** What you are asked to do **
Would you copy all lines in the data that contain the word "longrightarrow"?

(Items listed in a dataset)
(* Let $\mathcal{M}=\langle W,V\rangle$ be a model, $X\subseteq W$ an information state, and $q,p_1,\dots,p_n$ propositional variables. Then $q$ depends on $p_1,\dots,p_n$ in $X$ if and only if, for any $w\in W$, $$\mathcal{M},w,X\vDash \Big(\bigwedge_{1\leq i\leq n}(\Box p_i\vee\Box\neg p_i)\Big)\Rightarrow(\Box q\vee\Box\neg q)$$ according to the Kolodny–MacFarlane semantics.
   Context: Formulas are built by $\varphi::= p\mid \neg\varphi\mid (\varphi\wedge\varphi)\mid \Box\varphi \mid (\varphi\Rightarrow\varphi)$, with $\vee$ defined as usual. A model is $\mathcal{M}=\langle W,V\rangle$ with $W$ nonempty and $V$ assigning each propositional variable a subset of $W$. The Kolodny–MacFarlane semantics evaluates at $\mathcal{M},w,X$ with $w\in W$, $X\subseteq W$: $\mathcal{M},w,X\vDash p$ iff $w\in V(p)$; $\neg,\wedge$ Boolean; $\mathcal{M},w,X\vDash\Box\varphi$ iff $\mathcal{M},v,X\vDash\varphi$ for all $v\in X$; $\mathcal{M},w,X\vDash\varphi\Rightarrow\psi$ iff $\mathcal{M},w,X'\vDash\Box\psi$ for every $X'$ such that (i) $X'\subseteq X$, (ii) $X'\subseteq\llbracket\varphi\rrbracket^{\mathcal{M},X'}$, and (iii) there is no $X''$ satisfying (i) and (ii) with $X'\subsetneq X''$; here $\llbracket\varphi\rrbracket^{\mathcal{M},Y}=\{v\in Y\mid\mathcal{M},v,Y\vDash\varphi\}$. In an information state $X$, $q$ depends on $p_1,\dots,p_n$ iff any two worlds in $X$ that agree on the truth values of $p_1,\dots,p_n$ also agree on the truth value of $q$. *)

theory Defs
  imports Main
begin

datatype 'a fm =
    Var 'a
  | Neg "'a fm"
  | And "'a fm" "'a fm"
  | Box "'a fm"
  | Cond "'a fm" "'a fm"

definition Or :: "'a fm \<Rightarrow> 'a fm \<Rightarrow> 'a fm" where
  "Or \<phi> \<psi> = Neg (And (Neg \<phi>) (Neg \<psi>))"

(* Kolodny--MacFarlane semantics; a model is <W, V>, only V matters for evaluation.
   sat V w X \<phi>  means  M, w, X |= \<phi>. *)
primrec sat :: "('a \<Rightarrow> 'w set) \<Rightarrow> 'w \<Rightarrow> 'w set \<Rightarrow> 'a fm \<Rightarrow> bool" where
  "sat V w X (Var p) = (w \<in> V p)"
| "sat V w X (Neg \<phi>) = (\<not> sat V w X \<phi>)"
| "sat V w X (And \<phi> \<psi>) = (sat V w X \<phi> \<and> sat V w X \<psi>)"
| "sat V w X (Box \<phi>) = (\<forall>v\<in>X. sat V v X \<phi>)"
| "sat V w X (Cond \<phi> \<psi>) =
     (\<forall>X'. (X' \<subseteq> X \<and> X' \<subseteq> {v \<in> X'. sat V v X' \<phi>}
            \<and> \<not> (\<exists>X''. X'' \<subseteq> X \<and> X'' \<subseteq> {v \<in> X''. sat V v X'' \<phi>} \<and> X' \<subset> X''))
          \<longrightarrow> (\<forall>v\<in>X'. sat V v X' \<psi>))"

definition Top :: "'a fm" where
  "Top = Neg (And (Var undefined) (Neg (Var undefined)))"

fun BigAnd :: "'a fm list \<Rightarrow> 'a fm" where
  "BigAnd [] = Top"
| "BigAnd [\<phi>] = \<phi>"
| "BigAnd (\<phi> # \<psi> # \<chi>s) = And \<phi> (BigAnd (\<psi> # \<chi>s))"

definition depends :: "('a \<Rightarrow> 'w set) \<Rightarrow> 'w set \<Rightarrow> 'a \<Rightarrow> 'a list \<Rightarrow> bool" where
  "depends V X q ps =
     (\<forall>w\<in>X. \<forall>v\<in>X. (\<forall>p\<in>set ps. (w \<in> V p \<longleftrightarrow> v \<in> V p)) \<longrightarrow> (w \<in> V q \<longleftrightarrow> v \<in> V q))"

definition decided :: "'a \<Rightarrow> 'a fm" where
  "decided p = Or (Box (Var p)) (Box (Neg (Var p)))"

end

theory Submission
  imports Defs
begin

text \<open>The antecedent holds throughout a substate exactly when all of its worlds agree on
  \<open>p\<^sub>1, \<dots>, p\<^sub>n\<close>. Hence the maximal substates of \<open>X\<close> supporting it are the classes of
  worlds of \<open>X\<close> agreeing on \<open>p\<^sub>1, \<dots>, p\<^sub>n\<close>, and the conditional says that each such class
  settles \<open>q\<close>, which is dependence.\<close>

definition supports :: "('a \<Rightarrow> 'w set) \<Rightarrow> 'w set \<Rightarrow> 'a fm \<Rightarrow> bool" where
  "supports V Y \<phi> \<longleftrightarrow> (\<forall>v\<in>Y. sat V v Y \<phi>)"

definition max_supporting :: "('a \<Rightarrow> 'w set) \<Rightarrow> 'w set \<Rightarrow> 'a fm \<Rightarrow> 'w set \<Rightarrow> bool" where
  "max_supporting V X \<phi> Y \<longleftrightarrow>
     Y \<subseteq> X \<and> supports V Y \<phi> \<and> \<not> (\<exists>Z. Z \<subseteq> X \<and> supports V Z \<phi> \<and> Y \<subset> Z)"

lemma supports_iff_subset: "supports V Y \<phi> \<longleftrightarrow> Y \<subseteq> {v \<in> Y. sat V v Y \<phi>}"
  by (auto simp: supports_def)

lemma sat_Cond:
  "sat V w X (Cond \<phi> \<psi>) \<longleftrightarrow> (\<forall>Y. max_supporting V X \<phi> Y \<longrightarrow> supports V Y \<psi>)"
  unfolding sat.simps supports_iff_subset[symmetric] max_supporting_def supports_def[of V _ \<psi>] ..

lemma sat_BigAnd: "sat V w Y (BigAnd \<phi>s) \<longleftrightarrow> (\<forall>\<phi>\<in>set \<phi>s. sat V w Y \<phi>)"
  by (induction \<phi>s rule: BigAnd.induct) (auto simp: Top_def)

lemma sat_decided: "sat V w Y (decided p) \<longleftrightarrow> (\<forall>u\<in>Y. \<forall>v\<in>Y. u \<in> V p \<longleftrightarrow> v \<in> V p)"
  by (auto simp: decided_def Or_def)

lemma supports_decided: "supports V Y (decided p) \<longleftrightarrow> (\<forall>u\<in>Y. \<forall>v\<in>Y. u \<in> V p \<longleftrightarrow> v \<in> V p)"
  by (auto simp: supports_def sat_decided)

lemma supports_BigAnd_decided:
  "supports V Y (BigAnd (map decided ps)) \<longleftrightarrow>
     (\<forall>u\<in>Y. \<forall>v\<in>Y. \<forall>p\<in>set ps. u \<in> V p \<longleftrightarrow> v \<in> V p)"
  by (auto simp: supports_def sat_BigAnd sat_decided)

lemma max_supporting_agreement_class:
  assumes "w \<in> X"
  shows "max_supporting V X (BigAnd (map decided ps)) {u\<in>X. \<forall>p\<in>set ps. u \<in> V p \<longleftrightarrow> w \<in> V p}"
    (is "max_supporting V X ?\<phi> ?C")
proof -
  have "supports V ?C ?\<phi>"
    unfolding supports_BigAnd_decided by simp
  moreover have "\<not> ?C \<subset> Z" if "supports V Z ?\<phi>" "Z \<subseteq> X" for Z
  proof
    assume "?C \<subset> Z"
    with \<open>w \<in> X\<close> have "w \<in> Z" by blast
    with that have "Z \<subseteq> ?C"
      unfolding supports_BigAnd_decided by blast
    with \<open>?C \<subset> Z\<close> show False by blast
  qed
  ultimately show ?thesis
    unfolding max_supporting_def by blast
qed

theorem proposition11:
  fixes W :: "'w set" and V :: "'a \<Rightarrow> 'w set" and X :: "'w set"
    and q :: 'a and ps :: "'a list"
  assumes "W \<noteq> {}" and "\<forall>p. V p \<subseteq> W" and "X \<subseteq> W"
  shows "depends V X q ps \<longleftrightarrow>
         (\<forall>w\<in>W. sat V w X (Cond (BigAnd (map decided ps)) (decided q)))"
proof
  assume dep: "depends V X q ps"
  have "supports V Y (decided q)"
    if "max_supporting V X (BigAnd (map decided ps)) Y" for Y
    unfolding supports_decided
  proof (intro ballI)
    fix u v assume "u \<in> Y" "v \<in> Y"
    moreover have "Y \<subseteq> X" "supports V Y (BigAnd (map decided ps))"
      using that by (simp_all add: max_supporting_def)
    ultimately show "u \<in> V q \<longleftrightarrow> v \<in> V q"
      using dep unfolding depends_def supports_BigAnd_decided by (meson subsetD)
  qed
  then show "\<forall>w\<in>W. sat V w X (Cond (BigAnd (map decided ps)) (decided q))"
    unfolding sat_Cond by blast
next
  assume "\<forall>w\<in>W. sat V w X (Cond (BigAnd (map decided ps)) (decided q))"
  with \<open>W \<noteq> {}\<close> obtain w where "sat V w X (Cond (BigAnd (map decided ps)) (decided q))"
    by blast
  then have cond: "supports V Y (decided q)"
    if "max_supporting V X (BigAnd (map decided ps)) Y" for Y
    using that unfolding sat_Cond by blast
  show "depends V X q ps"
    unfolding depends_def
  proof (intro ballI impI)
    fix w v assume "w \<in> X" "v \<in> X" "\<forall>p\<in>set ps. w \<in> V p \<longleftrightarrow> v \<in> V p"
    then have "v \<in> {u\<in>X. \<forall>p\<in>set ps. u \<in> V p \<longleftrightarrow> w \<in> V p}"
      by simp
    moreover have "w \<in> {u\<in>X. \<forall>p\<in>set ps. u \<in> V p \<longleftrightarrow> w \<in> V p}"
      using \<open>w \<in> X\<close> by simp
    ultimately show "w \<in> V q \<longleftrightarrow> v \<in> V q"
      using cond[OF max_supporting_agreement_class[OF \<open>w \<in> X\<close>]]
      unfolding supports_decided by blast
  qed
qed

end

** The answer **
          \<longrightarrow> (\<forall>v\<in>X'. sat V v X' \<psi>))"
     (\<forall>w\<in>X. \<forall>v\<in>X. (\<forall>p\<in>set ps. (w \<in> V p \<longleftrightarrow> v \<in> V p)) \<longrightarrow> (w \<in> V q \<longleftrightarrow> v \<in> V q))"
  "sat V w X (Cond \<phi> \<psi>) \<longleftrightarrow> (\<forall>Y. max_supporting V X \<phi> Y \<longrightarrow> supports V Y \<psi>)"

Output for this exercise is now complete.